• **What this task involves**: Please copy, exactly as they appear below, the lines from the one containing "using length_monoid_rel_monoid assms(1,4)" through the one containing "by unfold_locales (auto simp: ZF_def)".

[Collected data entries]
Content starts

(* Let $q$ be a prime power. For $1\leq i\leq k$, let $b_i,\delta\in\mathbb{F}_{q^2}$ and let $s_i$ be positive integers. Let $$P_1(x)=\sum_{i=1}^{k}b_i(x^q+x+\delta)^{s_i}-x,\qquad P_2(x)=\sum_{i=1}^{k}b_i^q(x^q+x+\delta)^{qs_i}-x .$$ Then $P_1(x)$ is a permutation polynomial of $\mathbb{F}_{q^2}$ if and only if $P_2(x)$ is a permutation polynomial of $\mathbb{F}_{q^2}$. Moreover, if $P_1(x)$ permutes $\mathbb{F}_{q^2}$, then $$P_1^{-1}(x)+x=\left(P_2^{-1}(x)+x\right)^q,$$ where $P_1^{-1}(x)$ and $P_2^{-1}(x)$ are the compositional inverses of $P_1(x)$ and $P_2(x)$ over $\mathbb{F}_{q^2}$.
   Context: A polynomial $f\in\mathbb{F}_{Q}[x]$ is a permutation polynomial of $\mathbb{F}_Q$ if the map $c\mapsto f(c)$ is a bijection of $\mathbb{F}_Q$. Its compositional inverse $f^{-1}(x)$ is the unique polynomial with $f(f^{-1}(x))\equiv f^{-1}(f(x))\equiv x \pmod{x^Q-x}$; identities between polynomials are understood as identities of the induced functions on $\mathbb{F}_Q$ (i.e. modulo $x^Q-x$). *)

theory Defs
  imports "HOL-Computational_Algebra.Polynomial" "HOL-Library.Cardinality"
begin

definition perm_poly :: "'a::{finite,field} poly \<Rightarrow> bool" where
  "perm_poly f \<longleftrightarrow> bij (poly f)"

text \<open>Compositional inverse, as an induced function on the field (identities of
polynomials are understood modulo x^Q - x, i.e. as functions).\<close>
definition comp_inv :: "'a::{finite,field} poly \<Rightarrow> 'a \<Rightarrow> 'a" where
  "comp_inv f = inv (poly f)"

end

theory Submission
  imports Defs "HOL-Number_Theory.Residues"
begin

(*
  Write \<sigma> x = x^q for the Frobenius involution of F_{q^2} over F_q and g for the sum
  over i, so that P1 = g - id and P2 = \<sigma> \<circ> g - id. Since g only depends on the trace
  \<sigma> x + x, which is \<sigma>-invariant, g \<circ> \<sigma> = g and therefore P2 = \<sigma> \<circ> P1 \<circ> \<sigma>; this gives
  the equivalence of the permutation properties and P2^{-1} = \<sigma> \<circ> P1^{-1} \<circ> \<sigma>. For the
  inverse formula it remains to see that x \<mapsto> P1^{-1}(x) + x is \<sigma>-invariant: if
  P1 y = x then z = y + x - \<sigma> x has the same trace as y, hence P1 z = \<sigma> x and
  z + \<sigma> x = y + x.
*)

hide_const (open) UnivPoly.monom Module.module.smult
unbundle no m_inv_syntax

lemma power_card_eq_self:
  fixes x :: "'a::{finite,field}"
  shows "x ^ CARD('a) = x"
proof (cases "x = 0")
  case False
  define G where "G = \<lparr>carrier = UNIV - {0 :: 'a}, monoid.mult = (*), one = 1 :: 'a\<rparr>"
  interpret group G
  proof (rule groupI)
    fix y assume "y \<in> carrier G"
    then show "\<exists>z\<in>carrier G. z \<otimes>\<^bsub>G\<^esub> y = \<one>\<^bsub>G\<^esub>"
      by (intro bexI[of _ "inverse y"]) (auto simp: G_def)
  qed (auto simp: G_def mult.assoc)
  have pow_G: "y [^]\<^bsub>G\<^esub> n = y ^ n" for y :: 'a and n :: nat
    by (induction n) (simp_all add: G_def mult.commute)
  have "x ^ order G = 1"
    using pow_order_eq_1[of x] False unfolding pow_G by (simp add: G_def)
  moreover have "Suc (order G) = CARD('a)"
    using card_Diff_singleton[of 0 "UNIV :: 'a set"] finite_UNIV_card_ge_0[where ?'a = 'a]
    by (simp add: order_def G_def)
  ultimately show ?thesis
    by (metis power_Suc2 mult_1)
qed simp

lemma CHAR_eq_prime_of_CARD:
  assumes "prime p" "m > 0" "CARD('a::{finite,field}) = p ^ m"
  shows "CHAR('a) = p"
proof -
  have "prime CHAR('a)"
    by (simp add: finite_imp_CHAR_pos prime_CHAR_semidom)
  moreover have "CHAR('a) dvd p ^ m"
    using CHAR_dvd_CARD[where ?'a = 'a] by (simp add: assms(3))
  ultimately show ?thesis
    using assms(1) prime_dvd_power primes_dvd_imp_eq by blast
qed

lemma bij_conj_involution_iff:
  assumes "\<sigma> \<circ> \<sigma> = id"
  shows "bij (\<sigma> \<circ> f \<circ> \<sigma>) \<longleftrightarrow> bij f"
proof
  have "bij \<sigma>"
    using assms o_bij by blast
  moreover assume "bij (\<sigma> \<circ> f \<circ> \<sigma>)"
  moreover have "f = \<sigma> \<circ> (\<sigma> \<circ> f \<circ> \<sigma>) \<circ> \<sigma>"
    by (simp add: o_assoc assms) (simp flip: o_assoc add: assms)
  ultimately show "bij f"
    by (metis bij_comp)
next
  show "bij f \<Longrightarrow> bij (\<sigma> \<circ> f \<circ> \<sigma>)"
    using assms o_bij bij_comp by blast
qed

lemma inv_conj_involution:
  assumes "\<sigma> \<circ> \<sigma> = id" and "bij f"
  shows "inv (\<sigma> \<circ> f \<circ> \<sigma>) = \<sigma> \<circ> inv f \<circ> \<sigma>"
proof -
  have "bij \<sigma>" and "inv \<sigma> = \<sigma>"
    using assms(1) o_bij inv_unique_comp by blast+
  then show ?thesis
    using assms(2) by (simp add: o_inv_distrib bij_comp o_assoc)
qed

locale trace_factorization =
  fixes \<sigma> :: "'a::ab_group_add \<Rightarrow> 'a" and g :: "'a \<Rightarrow> 'a"
  assumes additive: "\<sigma> (x + y) = \<sigma> x + \<sigma> y"
    and involutive: "\<sigma> (\<sigma> x) = x"
    and factors_through_trace: "\<sigma> y + y = \<sigma> z + z \<Longrightarrow> g y = g z"
begin

lemma \<sigma>_diff: "\<sigma> (x - y) = \<sigma> x - \<sigma> y"
  using additive[of "x - y" y] by (simp add: algebra_simps)

lemma \<sigma>_comp_\<sigma>: "\<sigma> \<circ> \<sigma> = id"
  by (simp add: fun_eq_iff involutive)

lemma g_\<sigma>: "g (\<sigma> x) = g x"
  by (rule factors_through_trace) (simp add: involutive add.commute)

lemma conj_\<sigma>: "(\<lambda>x. \<sigma> (g x) - x) = \<sigma> \<circ> (\<lambda>x. g x - x) \<circ> \<sigma>"
  by (simp add: fun_eq_iff \<sigma>_diff g_\<sigma> involutive)

lemma bij_conj_iff: "bij (\<lambda>x. \<sigma> (g x) - x) \<longleftrightarrow> bij (\<lambda>x. g x - x)"
  unfolding conj_\<sigma> using bij_conj_involution_iff[OF \<sigma>_comp_\<sigma>] .

lemma inv_add_self_\<sigma>:
  assumes "bij (\<lambda>x. g x - x)"
  shows "inv (\<lambda>x. g x - x) (\<sigma> x) + \<sigma> x = inv (\<lambda>x. g x - x) x + x"
proof -
  define y where "y = inv (\<lambda>x. g x - x) x"
  have "g y - y = x"
    using bij_inv_eq_iff[OF assms] y_def by blast
  define z where "z = y + x - \<sigma> x"
  have "\<sigma> z + z = \<sigma> y + y"
    by (simp add: z_def additive \<sigma>_diff involutive)
  then have "g z = g y"
    by (rule factors_through_trace)
  then have "g z - z = g y - z"
    by simp
  also have "\<dots> = \<sigma> x"
    using \<open>g y - y = x\<close> by (simp add: z_def algebra_simps)
  finally have "g z - z = \<sigma> x" .
  then have "z = inv (\<lambda>x. g x - x) (\<sigma> x)"
    using bij_inv_eq_iff[OF assms] by blast
  then show ?thesis
    by (metis y_def z_def diff_add_cancel)
qed

theorem inv_add_self_eq:
  assumes "bij (\<lambda>x. g x - x)"
  shows "inv (\<lambda>x. g x - x) x + x = \<sigma> (inv (\<lambda>x. \<sigma> (g x) - x) x + x)"
  using assms
  by (simp add: conj_\<sigma> inv_conj_involution[OF \<sigma>_comp_\<sigma>] additive involutive inv_add_self_\<sigma>)

end

theorem proposition3p1:
  fixes q k :: nat and b :: "nat \<Rightarrow> 'a::{finite,field}" and s :: "nat \<Rightarrow> nat"
    and \<delta> :: 'a and P1 P2 L :: "'a poly"
  assumes q_pp: "\<exists>p n. prime p \<and> n > 0 \<and> q = p ^ n"
    and card: "CARD('a) = q ^ 2"
    and k: "k \<ge> 1"
    and s_pos: "\<forall>i\<in>{1..k}. s i > 0"
    and L_def: "L = monom 1 q + [:0, 1:] + [:\<delta>:]"
    and P1_def: "P1 = (\<Sum>i=1..k. smult (b i) (L ^ s i)) - [:0, 1:]"
    and P2_def: "P2 = (\<Sum>i=1..k. smult (b i ^ q) (L ^ (q * s i))) - [:0, 1:]"
  shows "(perm_poly P1 \<longleftrightarrow> perm_poly P2) \<and>
         (perm_poly P1 \<longrightarrow>
            (\<forall>x. comp_inv P1 x + x = (comp_inv P2 x + x) ^ q))"
proof -
  obtain p n where p: "prime p" "n > 0" "q = p ^ n"
    using q_pp by blast
  then have "CHAR('a) = p"
    using CHAR_eq_prime_of_CARD[of p "n * 2"] card by (simp add: power_mult)
  with p have frobenius: "prime CHAR('a)" "q = CHAR('a) ^ n"
    by simp_all
  define g where "g x = (\<Sum>i=1..k. b i * (x ^ q + x + \<delta>) ^ s i)" for x
  interpret trace_factorization "\<lambda>x. x ^ q" g
  proof
    show "(x + y) ^ q = x ^ q + y ^ q" for x y :: 'a
      using freshmans_dream'[OF frobenius] .
    show "(x ^ q) ^ q = x" for x :: 'a
      using power_card_eq_self[of x] card by (simp flip: power_mult add: power2_eq_square)
    show "y ^ q + y = z ^ q + z \<Longrightarrow> g y = g z" for y z
      by (simp add: g_def)
  qed
  have P1: "poly P1 = (\<lambda>x. g x - x)"
    by (simp add: fun_eq_iff P1_def L_def g_def poly_sum poly_monom)
  have P2: "poly P2 = (\<lambda>x. g x ^ q - x)"
  proof
    fix x
    have "g x ^ q = (\<Sum>i=1..k. b i ^ q * (x ^ q + x + \<delta>) ^ (q * s i))"
      unfolding g_def freshmans_dream_sum'[OF frobenius]
      by (simp add: power_mult_distrib mult.commute[of q] flip: power_mult)
    then show "poly P2 x = g x ^ q - x"
      by (simp add: P2_def L_def poly_sum poly_monom)
  qed
  have bij_iff: "bij (poly P2) \<longleftrightarrow> bij (poly P1)"
    unfolding P1 P2 by (fact bij_conj_iff)
  have inv_eq: "inv (poly P1) x + x = (inv (poly P2) x + x) ^ q" if "bij (poly P1)" for x
    using that unfolding P1 P2 by (fact inv_add_self_eq)
  show ?thesis
    unfolding perm_poly_def comp_inv_def by (simp add: bij_iff inv_eq)
qed

end
lemma FDmat_row_sum:
  fixes a b r :: "real \<Rightarrow> real \<Rightarrow> real" and Xmin Xmax t :: real and e :: "nat \<Rightarrow> real"
  assumes "1 \<le> i" and "i \<le> J"
  defines "h \<equiv> mesh Xmin Xmax J" and "x \<equiv> node Xmin Xmax J i" and "E \<equiv> ext0 J e"
  shows "(\<Sum>j=1..J. FDmat a b r Xmin Xmax J t i j * e j)
    = (- a t x / h\<^sup>2 - b t x / (2 * h)) * E (i-1) + (2 * a t x / h\<^sup>2 + r t x) * E i
      + (- a t x / h\<^sup>2 + b t x / (2 * h)) * E (i+1)"
proof -
  have "FDmat a b r Xmin Xmax J t i j * e j
      = (if j = i-1 then (- a t x / h\<^sup>2 - b t x / (2 * h)) * E (i-1) else 0)
      + (if j = i then (2 * a t x / h\<^sup>2 + r t x) * E i else 0)
      + (if j = i+1 then (- a t x / h\<^sup>2 + b t x / (2 * h)) * E (i+1) else 0)"
    if "j \<in> {1..J}" for j
    using that assms(1) by (auto simp: FDmat_def Let_def h_def x_def E_def ext0_def)
  then have "(\<Sum>j=1..J. FDmat a b r Xmin Xmax J t i j * e j)
      = (\<Sum>j=1..J. (if j = i-1 then (- a t x / h\<^sup>2 - b t x / (2 * h)) * E (i-1) else 0)
      + (if j = i then (2 * a t x / h\<^sup>2 + r t x) * E i else 0)
      + (if j = i+1 then (- a t x / h\<^sup>2 + b t x / (2 * h)) * E (i+1) else 0))"
    by (rule sum.cong[OF refl])
  also have "\<dots> = (if i-1 \<in> {1..J} then (- a t x / h\<^sup>2 - b t x / (2 * h)) * E (i-1) else 0)
      + (if i \<in> {1..J} then (2 * a t x / h\<^sup>2 + r t x) * E i else 0)
      + (if i+1 \<in> {1..J} then (- a t x / h\<^sup>2 + b t x / (2 * h)) * E (i+1) else 0)"
    by (simp only: sum.distrib sum.delta finite_atLeastAtMost)
  also have "\<dots> = (- a t x / h\<^sup>2 - b t x / (2 * h)) * E (i-1) + (2 * a t x / h\<^sup>2 + r t x) * E i
      + (- a t x / h\<^sup>2 + b t x / (2 * h)) * E (i+1)" using assms(1,2) by (auto simp: E_def ext0_def)
  finally show ?thesis .
qed
lemma rel_monoid_properties:
  assumes "length_monoid Z l" "cancellative Z" "cancellative H" "p \<in> hom Z H"
  shows "saturated (carrier (rel_monoid Z p)) (Z \<times>\<times> Z) \<and> reduced (rel_monoid Z p) \<and>
         cancellative (rel_monoid Z p) \<and> BF_monoid (rel_monoid Z p)"
proof -
  interpret R: length_monoid "rel_monoid Z p" "\<lambda>z. l (fst z) + l (snd z)"
    using length_monoid_rel_monoid assms(1,4) .
  show ?thesis
    using saturated_rel_monoid[OF _ assms(3,4)] cancellative_rel_monoid[OF assms(2)]
      R.reduced R.BF_monoid assms(1) length_monoid.axioms(1) by blast
qed

lemma length_monoid_ZF: "length_monoid (ZF H) length"
  by unfold_locales (auto simp: ZF_def)

lemma cancellative_ZF: "cancellative (ZF H)"
  by (auto simp: ZF_def cancellative_def)

lemma piF_hom: "monoid H \<Longrightarrow> piF H \<in> hom (ZF H) H"
  using atoms_subset_carrier[of H]
  by (intro homI) (auto simp: ZF_def piF_def lprod_append intro!: lprod_closed)

lemma length_monoid_ZA: "length_monoid (ZA H) size"
  by unfold_locales (auto simp: ZA_def)

lemma cancellative_ZA: "cancellative (ZA H)"
  by (auto simp: ZA_def cancellative_def)

lemma piA_eq_lprod:
  assumes "monoid H" "commutative H" "set xs \<subseteq> carrier H"
  shows "piA H (mset xs) = lprod H xs"
proof -
  have some: "mset (SOME ys. mset ys = mset xs) = mset xs" by (rule someI) (rule refl)
  then have "set (SOME ys. mset ys = mset xs) \<subseteq> carrier H" using assms(3) by (metis set_mset_mset)
  then show ?thesis unfolding piA_def using lprod_perm[OF assms(1,2)] some by metis
qed

lemma piA_hom:
  assumes "monoid H" "commutative H"
  shows "piA H \<in> hom (ZA H) H"
proof (rule homI)
  fix a b assume "a \<in> carrier (ZA H)" "b \<in> carrier (ZA H)"
  moreover obtain xs ys where "a = mset xs" "b = mset ys" using ex_mset by metis
  ultimately have "set xs \<subseteq> carrier H" "set ys \<subseteq> carrier H"
    using atoms_subset_carrier[of H] by (auto simp: ZA_def)
  then show "piA H (a \<otimes>\<^bsub>ZA H\<^esub> b) = piA H a \<otimes>\<^bsub>H\<^esub> piA H b"
    using \<open>a = mset xs\<close> \<open>b = mset ys\<close>
    by (simp add: ZA_def piA_eq_lprod[OF assms] lprod_append[OF assms(1)] flip: mset_append)
next
  fix a assume "a \<in> carrier (ZA H)"
  moreover obtain xs where "a = mset xs" using ex_mset by metis
  ultimately have "set xs \<subseteq> carrier H" using atoms_subset_carrier[of H] by (auto simp: ZA_def)
  then show "piA H a \<in> carrier H"
    using \<open>a = mset xs\<close> by (simp add: piA_eq_lprod[OF assms] lprod_closed[OF assms(1)])
qed

lemma RelF_properties:
  assumes "monoid H" "cancellative H"
  shows "saturated (carrier (RelF H)) (ZF H \<times>\<times> ZF H) \<and> reduced (RelF H) \<and>
         cancellative (RelF H) \<and> BF_monoid (RelF H)"
  unfolding RelF_def
  using rel_monoid_properties[OF length_monoid_ZF cancellative_ZF assms(2) piF_hom[OF assms(1)]] .

lemma RelA_properties:
  assumes "monoid H" "cancellative H" "commutative H"
  shows "saturated (carrier (RelA H)) (ZA H \<times>\<times> ZA H) \<and> reduced (RelA H) \<and>
         cancellative (RelA H) \<and> BF_monoid (RelA H)"
  unfolding RelA_def
  using rel_monoid_properties[OF length_monoid_ZA cancellative_ZA assms(2) piA_hom[OF assms(1,3)]] .

section \<open>Chain conditions and finite generation\<close>

lemma acc_on_mono: "(\<And>I. P I \<Longrightarrow> Q I) \<Longrightarrow> acc_on Q \<Longrightarrow> acc_on P"
  unfolding acc_on_def by blast

lemma finite_atoms_if_acc_right_ideals:
  assumes "monoid M" "reduced M" "acc_right_ideals M"
  shows "finite (atoms M)"
proof (rule ccontr)
  interpret M: monoid M by fact
  assume "infinite (atoms M)"
  then obtain u :: "nat \<Rightarrow> _" where u: "inj u" "range u \<subseteq> atoms M"
    using infinite_countable_subset by blast
  then have u_atom: "atom M (u i)" and u_carrier: "u i \<in> carrier M" for i
    by (auto simp: atoms_def atom_def)
  define f where "f n = {u i \<otimes>\<^bsub>M\<^esub> s | i s. i < n \<and> s \<in> carrier M}" for n
  have ideal: "right_ideal M (f n)" for n
    unfolding right_ideal_def f_def by (auto simp: u_carrier M.m_assoc) (metis M.m_closed)
  have chain: "f n \<subseteq> f (Suc n)" for n
    unfolding f_def by (auto intro: less_SucI)
  obtain N where "\<forall>n\<ge>N. f n = f N"
    using \<open>acc_right_ideals M\<close>[unfolded acc_right_ideals_def acc_on_def, rule_format, of f]
      ideal chain by blast
  then have "f (Suc N) = f N" using le_Suc_eq by blast
  moreover have "u N \<in> f (Suc N)"
    unfolding f_def using u_carrier[of N] by (auto intro!: exI[of _ N] exI[of _ "\<one>\<^bsub>M\<^esub>"])
  ultimately have "u N \<in> f N" by simp
  then obtain i s where factor: "i < N" "s \<in> carrier M" "u N = u i \<otimes>\<^bsub>M\<^esub> s"
    unfolding f_def by blast
  then have "u i \<in> Units M \<or> s \<in> Units M"
    using u_atom[of N] u_carrier[of i] unfolding atom_def by blast
  moreover have "u i \<notin> Units M" using u_atom[of i] by (simp add: atom_def)
  ultimately have "u N = u i"
    using factor \<open>reduced M\<close> u_carrier[of i] by (simp add: reduced_def)
  then show False using \<open>i < N\<close> inj_eq[OF u(1)] by simp
qed

lemma finitely_generated_if_finite_atoms:
  assumes "monoid M" "reduced M" "atomic M" "finite (atoms M)"
  shows "finitely_generated M"
proof -
  have "carrier M \<subseteq> {lprod M xs | xs. set xs \<subseteq> atoms M}"
  proof
    fix a assume a: "a \<in> carrier M"
    show "a \<in> {lprod M xs | xs. set xs \<subseteq> atoms M}"
    proof (cases "a \<in> Units M")
      case True
      then have "a = lprod M []" using \<open>reduced M\<close> by (simp add: reduced_def)
      then show ?thesis by (intro CollectI exI[of _ "[]"]) simp
    next
      case False
      then obtain xs where "set xs \<subseteq> atoms M" "lprod M xs = a"
        using \<open>atomic M\<close> a unfolding atomic_def by blast
      then show ?thesis by (intro CollectI exI[of _ xs]) simp
    qed
  qed
  moreover have "{lprod M xs | xs. set xs \<subseteq> atoms M} \<subseteq> carrier M"
    using atoms_subset_carrier[of M] by (auto intro: lprod_closed[OF assms(1)])
  ultimately have "carrier M = {lprod M xs | xs. set xs \<subseteq> atoms M}"
    by (rule equalityI)
  then show ?thesis
    unfolding finitely_generated_def using assms(4) atoms_subset_carrier[of M] by blast
qed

Content ends

• **Task solution**:
    using length_monoid_rel_monoid assms(1,4) .
  show ?thesis
    using saturated_rel_monoid[OF _ assms(3,4)] cancellative_rel_monoid[OF assms(2)]
      R.reduced R.BF_monoid assms(1) length_monoid.axioms(1) by blast
qed

lemma length_monoid_ZF: "length_monoid (ZF H) length"
  by unfold_locales (auto simp: ZF_def)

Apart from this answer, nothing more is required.